In response to your comment, we added a following paragraph in [Discussion] (p. 12) of the revised manuscript as follows:

“At doses higher than MTD, both ER/0.2-PE24 and ER/21-PE24 caused TBM death before significant body weight loss, indicating their acute renal toxicity [24]. ER-PE24 ITs as small as ~35 kDa appeared to undergo rapid renal filtration, resulting in fatal kidney damage, as observed with PE38-carrying SS1P IT [24]. To minimize acute renal toxicity by reducing renal filtration, ER-PE24 IT needs to be further engineered to increase serum half-life, for example by conjugation of polyethylene glycol [30] or reformatting into an Fc-containing IgG. Even in the case of ITs with extended serum half-lives, the tumor antigen targeting affinity should be tailored depending on differences in the expression levels between tumors and normal tissues to avoid on-target/off-tumor toxicity and to enhance intratumoral penetration [31].”

 

 

Comment#1-3) Despite the fact that immunotoxins with intermediate affinities have a greater therapeutic window, these windows are still rather narrow. How could this be addressed in the future? Different toxins?

Response) The narrow therapeutic index is the major hurdle in the development of ITs. In addition to tailoring the tumor antigen affinity of IT depending on target antigen density, other strategies such as tumor microenvironment-conditioned activating ITs and target cell-restricted reconstituting split toxin-embedded ITs (Purde et al. (2020) Proc Natl Acad Sci USA 117:22090–100; Antibody Therapeutics, 2022, 5:164–176) can increase the therapeutic window by reducing systemic toxicity.

In response to your comment, we added the following sentence in the [Discussion] (p. 11) of the revised manuscript:

“Aside from adjusting the tumor-antigen affinity of the ITs to the density of target antigens, other strategies, such as target cell-restricted reconstituting split toxin-embedded ITs [31] and tumor microenvironment-conditioned activating ITs [3], can increase the therapeutic window by reducing systemic toxicity.”

 

 

Comment#1-4) In the discussion, the authors should state what they think the clinical future of this approach might be.

Response) The expression levels of EGFR vary a lot among solid tumors [Kries (2019) Sci Rep 9:13564; Douillard et al. (2014) J Thorac Oncol 9:717-724], indicating the need to adjust the EGFR affinity of EGFR-targeted ITs based on EGFR expression levels on targeted tumors to maximize the therapeutic window while minimizing the on-target/off-tumor adverse effects.

In response to your comment, we edited the following sentence in [Discussion] (p. 12) of the revised manuscript as follows:

“It is known that many solid tumors overexpress EGFR on the cell surface, but there is some heterogeneity between and within solid tumors in terms of EGFR expression levels [33]. Our results underscore the importance of adjusting the EGFR affinity of EGFR-targeted ITs based on EGFR expression levels on target tumors to maximize the therapeutic window while minimizing the on-target/off-tumor adverse effects.

Author Response File: Author Response.pdf

Reviewer 2 Report

The manuscript by Jun et al. describes the characterization of an immunotoxin (IT) targeted to the EGF receptor by a fibronectin domain.
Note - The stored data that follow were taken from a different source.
lemma abs_lucasU_le_gcd_mult_power:
  assumes "coprime P Q" and "k \<ge> 2"
  shows "\<bar>real_of_int (lucasU P Q k)\<bar>
    \<le> real_of_int (gcd (lucasU P Q k) (Lcm (lucasU P Q ` {1..k-1}))) * \<bar>\<alpha>\<bar> ^ lcm_step_exponent k"
proof -
  define g where "g = gcd (lucasU P Q k) (Lcm (lucasU P Q ` {1..k-1}))"
  have "g > 0" using lucasU_nonzero[of k] assms(2) by (simp add: g_def)
  consider (six) m where "k = 6 * m"
    | (two) m where "k = 2 * m" "\<not> 6 dvd k"
    | (three) m where "k = 3 * m" "\<not> 2 dvd k"
    | (other) "\<not> 6 dvd k" "\<not> 2 dvd k" "\<not> 3 dvd k"
    by (metis dvdE)
  then show ?thesis
  proof cases
    case six
    then have "m \<ge> 1" using assms(2) by (cases m) auto
    moreover have "lcm_step_exponent k = 2 * m + 1"
      using six by (simp add: lcm_step_exponent_def)
    ultimately show ?thesis using abs_lucasU_6_mult_le[OF assms(1)] six by simp
  next
    case two
    then have "m \<ge> 1" using assms(2) by (cases m) auto
    have "\<bar>real_of_int (lucasU P Q k)\<bar> = \<bar>real_of_int (lucasU P Q m)\<bar> * \<bar>\<alpha> ^ m + \<beta> ^ m\<bar>"
      using lucasU_double[of m] two by (simp add: abs_mult)
    also have "\<dots> \<le> real_of_int g * \<bar>\<alpha>\<bar> ^ (m + 1)"
      using abs_lucasU_le_gcd_Lcm[of m k] abs_power_add_power_le[of m] two \<open>m \<ge> 1\<close>
      unfolding g_def by (intro mult_mono) auto
    moreover have "lcm_step_exponent k = m + 1"
      using two by (simp add: lcm_step_exponent_def)
    ultimately show ?thesis by (simp add: g_def)
  next
    case three
    then have "m \<ge> 1" using assms(2) by (cases m) auto
    have "\<bar>real_of_int (lucasU P Q k)\<bar>
        = \<bar>real_of_int (lucasU P Q m)\<bar> * \<bar>\<alpha> ^ (2 * m) + 1 * (\<alpha> ^ m * \<beta> ^ m) + \<beta> ^ (2 * m)\<bar>"
      using lucasU_triple[of m] three by (simp add: abs_mult)
    also have "\<dots> \<le> real_of_int g * \<bar>\<alpha>\<bar> ^ (2 * m + 1)"
      using abs_lucasU_le_gcd_Lcm[of m k] abs_power_quadratic_form_le[of m 1] three \<open>m \<ge> 1\<close>
      unfolding g_def by (intro mult_mono) auto
    moreover have "lcm_step_exponent k = 2 * m + 1"
      using three by (simp add: lcm_step_exponent_def)
    ultimately show ?thesis by (simp add: g_def)
  next
    case other
    have "\<bar>real_of_int (lucasU P Q k)\<bar> \<le> 1 * \<bar>\<alpha>\<bar> ^ (k + 1)"
      using abs_lucasU_le assms(2) by simp
    also have "\<dots> \<le> real_of_int g * \<bar>\<alpha>\<bar> ^ (k + 1)"
      using \<open>g > 0\<close> by (intro mult_right_mono) auto
    moreover have "lcm_step_exponent k = k + 1"
      using other by (simp add: lcm_step_exponent_def)
    ultimately show ?thesis by (simp add: g_def)
  qed
qed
The catalytic activity of the IT is derived fom Pseudomonas exotoxin A.

Insetad of enhancing the affinity for the chosen receptor the authors tried to reduce the affinity which is so to say unusual. By modulating the affinity of the IT due to point mutations the authors want to enhance the safety of the IT. They define the therapeutic index of the respective IT variants by studying the activity on cells which express a low amount of EGFR (monitoring safty) and cells which highly express EGFR (monitoring activity). Using mouse experiments authors want to support their findings in vivo.

The approach is interesting and well described.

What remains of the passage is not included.